In 2008, he began working at Haaretz newspaper, first as a correspondent coordinator, and since July 2009, as a reporter covering the settlers. His tenure at Haaretz ended in October 2025 after it was revealed that he had failed to properly disclose an ongoing business relationship from 2019 to 2024 with Yisrael Einhorn.

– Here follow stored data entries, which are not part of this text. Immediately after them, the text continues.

(* Let $B = M \cup \{\omega_1,\ldots,\omega_p\}$ with $p\ge1$ and $\omega_i\in P_2\setminus M$, let $r(B)=\max\{d(\omega_1),\ldots,d(\omega_p)\}$ and $c(B)=\log_2(2r(B)+1)+1$. Then for every finite system $F$ of Boolean functions of variables $x_1,\ldots,x_n$, $$I_B(F)\ge \left\lceil \log_2(d(F)+1)\right\rceil - c(B).$$
   Context: $P_2$ denotes the set of all Boolean functions and $M\subset P_2$ the set of all monotone Boolean functions (including the constants). Tuples in $\{0,1\}^n$ are compared componentwise. An increasing chain is a sequence of pairwise distinct tuples $\tilde\alpha_1,\ldots,\tilde\alpha_r\in\{0,1\}^n$ with $\tilde\alpha_i\le\tilde\alpha_{i+1}$ for all $i$. For a Boolean function $f$, a pair $(\tilde\alpha,\tilde\beta)$ with $\tilde\alpha\le\tilde\beta$ and $f(\tilde\alpha)>f(\tilde\beta)$ is a jump of $f$; a pair is a jump of a system $F$ if it is a jump of some $f\in F$. For a chain $C=(\tilde\alpha_1,\ldots,\tilde\alpha_r)$, $d_C(F)$ is the number of $i$ with $(\tilde\alpha_i,\tilde\alpha_{i+1})$ a jump of $F$, and $d(F)=\max_C d_C(F)$ over all chains; $d(f)=d(\{f\})$. A circuit over $B$ is a Boolean circuit with inputs $x_1,\ldots,x_n$ whose gates compute functions of $B$; gates computing functions in $M$ have weight $0$ and gates computing some $\omega_i$ have weight $1$. $I_B(F)$ is the minimum total weight of a circuit over $B$ realizing all functions of $F$. *)

theory Defs
  imports Complex_Main
begin

text \<open>Tuples of {0,1}^n are bool lists of length n (False = 0, True = 1).
  A Boolean function of k variables is a map bool list \<Rightarrow> bool, considered on
  lists of length k.\<close>

definition tuples :: "nat \<Rightarrow> bool list set" where
  "tuples n = {xs. length xs = n}"

definition tle :: "bool list \<Rightarrow> bool list \<Rightarrow> bool" where
  "tle xs ys \<longleftrightarrow> list_all2 (\<le>) xs ys"

definition monotone_fn :: "nat \<Rightarrow> (bool list \<Rightarrow> bool) \<Rightarrow> bool" where
  "monotone_fn k f \<longleftrightarrow>
     (\<forall>xs ys. length xs = k \<longrightarrow> length ys = k \<longrightarrow> tle xs ys \<longrightarrow> f xs \<le> f ys)"

definition is_chain :: "nat \<Rightarrow> bool list list \<Rightarrow> bool" where
  "is_chain n C \<longleftrightarrow> distinct C \<and> (\<forall>a\<in>set C. length a = n) \<and>
     (\<forall>i. Suc i < length C \<longrightarrow> tle (C ! i) (C ! Suc i))"

definition is_jump :: "(bool list \<Rightarrow> bool) set \<Rightarrow> bool list \<Rightarrow> bool list \<Rightarrow> bool" where
  "is_jump F a b \<longleftrightarrow> tle a b \<and> (\<exists>f\<in>F. f a > f b)"

definition dC :: "(bool list \<Rightarrow> bool) set \<Rightarrow> bool list list \<Rightarrow> nat" where
  "dC F C = card {i. Suc i < length C \<and> is_jump F (C ! i) (C ! Suc i)}"

definition dF :: "nat \<Rightarrow> (bool list \<Rightarrow> bool) set \<Rightarrow> nat" where
  "dF n F = Max {dC F C | C. is_chain n C}"

text \<open>Circuits: nodes 0..n-1 are the inputs x_1..x_n; gate j (0-based) is node n+j.
  A gate is a pair (g, args): it computes g applied to the values of the nodes in args,
  so g is a Boolean function of length args variables.\<close>
type_synonym gate = "(bool list \<Rightarrow> bool) \<times> nat list"

fun circ_vals :: "gate list \<Rightarrow> bool list \<Rightarrow> bool list" where
  "circ_vals [] v = v"
| "circ_vals ((g, as) # gs) v = circ_vals gs (v @ [g (map (\<lambda>i. v ! i) as)])"

definition wf_circuit :: "nat \<Rightarrow> gate list \<Rightarrow> bool" where
  "wf_circuit n gs \<longleftrightarrow> (\<forall>j < length gs. \<forall>i \<in> set (snd (gs ! j)). i < n + j)"

text \<open>Basis B = M \<union> {\<omega>_1,...,\<omega>_p}; each \<omega>_i is given as (arity, function).\<close>
definition gate_in_basis :: "(nat \<times> (bool list \<Rightarrow> bool)) list \<Rightarrow> gate \<Rightarrow> bool" where
  "gate_in_basis oms gt \<longleftrightarrow>
     (let k = length (snd gt) in
       monotone_fn k (fst gt) \<or>
       (\<exists>(m, w) \<in> set oms. m = k \<and> (\<forall>xs. length xs = k \<longrightarrow> fst gt xs = w xs)))"

definition gate_weight :: "gate \<Rightarrow> nat" where
  "gate_weight gt = (if monotone_fn (length (snd gt)) (fst gt) then 0 else 1)"

definition circ_weight :: "gate list \<Rightarrow> nat" where
  "circ_weight gs = (\<Sum>gt\<leftarrow>gs. gate_weight gt)"

definition realizes :: "(nat \<times> (bool list \<Rightarrow> bool)) list \<Rightarrow> nat \<Rightarrow> gate list
                        \<Rightarrow> (bool list \<Rightarrow> bool) set \<Rightarrow> bool" where
  "realizes oms n gs F \<longleftrightarrow> wf_circuit n gs \<and> (\<forall>gt\<in>set gs. gate_in_basis oms gt) \<and>
     (\<forall>f\<in>F. \<exists>j < n + length gs. \<forall>xs. length xs = n \<longrightarrow> circ_vals gs xs ! j = f xs)"

definition I_B :: "(nat \<times> (bool list \<Rightarrow> bool)) list \<Rightarrow> nat \<Rightarrow> (bool list \<Rightarrow> bool) set \<Rightarrow> nat" where
  "I_B oms n F = (LEAST w. \<exists>gs. realizes oms n gs F \<and> circ_weight gs = w)"

definition r_B :: "(nat \<times> (bool list \<Rightarrow> bool)) list \<Rightarrow> nat" where
  "r_B oms = Max ((\<lambda>(k, w). dF k {w}) ` set oms)"

definition c_B :: "(nat \<times> (bool list \<Rightarrow> bool)) list \<Rightarrow> real" where
  "c_B oms = log 2 (2 * real (r_B oms) + 1) + 1"

end

theory Submission
  imports Defs
begin

text \<open>A circuit of weight W over B contains exactly W non-monotone gates. If between two
  comparable tuples of a chain none of them changes its value, the whole circuit behaves
  monotonically there, so this step is not a jump of F. Counting by induction over the
  non-monotone gates: once the values of the m earlier non-monotone gates are fixed (one of
  2^m patterns), the inputs of the next one, an \<omega>_i, grow monotonically along the chain, so
  its value changes at most 2 d(\<omega>_i) + 1 \<le> 2 r(B) + 1 times. Hence
  d(F) \<le> (2^W - 1)(2 r(B) + 1), which is the bound after taking logarithms. A realizing
  circuit exists because any \<omega>_i yields the negations of the inputs, and every f is a
  monotone function of the literals.\<close>

lemma tle_refl: "tle xs xs"
  unfolding tle_def by (simp add: list_all2_refl)

lemma tle_trans: "tle xs ys \<Longrightarrow> tle ys zs \<Longrightarrow> tle xs zs"
  unfolding tle_def by (rule list_all2_trans) auto

lemma tle_antisym: "tle xs ys \<Longrightarrow> tle ys xs \<Longrightarrow> xs = ys"
  unfolding tle_def by (rule list_all2_antisym) auto

lemma tle_nthD: "tle xs ys \<Longrightarrow> i < length xs \<Longrightarrow> xs ! i \<le> ys ! i"
  unfolding tle_def by (rule list_all2_nthD)

lemma tle_map: "(\<And>a. a \<in> set as \<Longrightarrow> f a \<le> g a) \<Longrightarrow> tle (map f as) (map g as)"
  unfolding tle_def by (induction as) auto

lemma tle_lift_Suc:
  assumes "\<And>a. Suc a < N \<Longrightarrow> tle (v a) (v (Suc a))" "a \<le> b" "b < N"
  shows "tle (v a) (v b)"
  using assms(2,3)
proof (induction b)
  case 0
  then show ?case by (simp add: tle_refl)
next
  case (Suc b)
  then show ?case
    by (cases "a = Suc b") (auto intro: tle_refl tle_trans assms(1))
qed

lemma circ_vals_input: "i < length v \<Longrightarrow> circ_vals gs v ! i = v ! i"
  by (induction gs arbitrary: v) (auto simp: nth_append)

lemma circ_vals_append: "circ_vals (gs @ hs) v = circ_vals hs (circ_vals gs v)"
  by (induction gs arbitrary: v) auto

lemma circ_vals_layer:
  "(\<And>g as. (g, as) \<in> set hs \<Longrightarrow> \<forall>i\<in>set as. i < length v) \<Longrightarrow>
   circ_vals hs v = v @ map (\<lambda>(g, as). g (map ((!) v) as)) hs"
proof (induction hs arbitrary: v)
  case (Cons gt hs)
  obtain g as where gt: "gt = (g, as)" by force
  let ?v = "v @ [g (map ((!) v) as)]"
  have same_args: "map ((!) ?v) bs = map ((!) v) bs" if "(h, bs) \<in> set hs" for h bs
    using Cons.prems[of h bs] that by (auto simp: nth_append)
  have "circ_vals hs ?v = ?v @ map (\<lambda>(g, as). g (map ((!) ?v) as)) hs"
    using Cons.prems by (intro Cons.IH) force
  also have "map (\<lambda>(g, as). g (map ((!) ?v) as)) hs = map (\<lambda>(g, as). g (map ((!) v) as)) hs"
    by (rule map_cong[OF refl]) (auto simp: same_args split: prod.splits)
  finally show ?case using gt by simp
qed simp

lemma circ_vals_gate:
  assumes "j < length gs" "\<forall>i\<in>set (snd (gs ! j)). i < length v + j"
  shows "circ_vals gs v ! (length v + j) = fst (gs ! j) (map ((!) (circ_vals gs v)) (snd (gs ! j)))"
  using assms
proof (induction gs arbitrary: v j)
  case (Cons gt gs)
  obtain g as where gt: "gt = (g, as)" by force
  show ?case
  proof (cases j)
    case 0
    have args: "map ((!) v) as = map ((!) (circ_vals gs (v @ [g (map ((!) v) as)]))) as"
      using Cons.prems gt 0 by (intro map_cong) (auto simp: circ_vals_input nth_append)
    show ?thesis using gt 0 by (simp add: circ_vals_input args[symmetric])
  next
    case (Suc j')
    then show ?thesis
      using Cons.prems gt Cons.IH[of j' "v @ [g (map ((!) v) as)]"] by auto
  qed
qed simp

lemma finite_dC_values: "finite {dC F C | C. is_chain n C}"
proof -
  have "dC F C \<le> card {xs :: bool list. length xs = n}" if "is_chain n C" for C
  proof -
    have "dC F C \<le> card {..<length C}"
      unfolding dC_def by (rule card_mono) auto
    also have "card {..<length C} = card (set C)"
      using that unfolding is_chain_def by (simp add: distinct_card)
    also have "\<dots> \<le> card {xs :: bool list. length xs = n}"
      using that unfolding is_chain_def by (intro card_mono finite_list_length) auto
    finally show ?thesis .
  qed
  then have "{dC F C | C. is_chain n C} \<subseteq> {..card {xs :: bool list. length xs = n}}"
    by auto
  then show ?thesis by (rule finite_subset) simp
qed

Levinson lives in the Kiryat Shalom neighborhood of Tel Aviv.

== Journalism ==
- In August 2010, Levinson revealed Cameri Theatre, Habima Theatre and Haifa Theatre, were going to appear at the Israeli settlement Ariel, which led to a boycott.
- In March 2012, Levinson published the story of Omar Abu Jariban, an illegal immigrant from Gaza who was thrown on the side of the road by two policemen and dried to death. The officers were convicted and sentenced to 21 months in prison.
- In October 2014, Levinson revealed that Defense Minister Moshe Ya'alon ordered to prevent Palestinians from getting on the same bus with Israelis.
- In August 2015, Levinson revealed a government decision to transfer a special sum of 340 million shekels (NIS), for the development of transportation and tourism infrastructure in the Israeli settlements.
- In April 2016, Levinson revealed that there are 1,537 defects in the core of the Shimon Peres Negev Nuclear Research Center, which are constantly monitored.
- In September 2017, Levinson revealed that Netanyahu worked to appoint his former associate, Ari Harow, as chairman of Israeli Channel 10 company.
- In March 2024, Levinson revealed recordings between the former head of Israel Bar Association, Efi Neve, and the former president of the Israeli district court, Eitan Orenstein. The recordings apparently show a problematic relationship between the two parties, which ultimately caused a criminal procedure against Nave.

== Criticism ==
Levinson entered inappropriate information in the Hebrew Wikipedia and posted tweets about it. He also spoke against Netanyahu government, causing political controversy.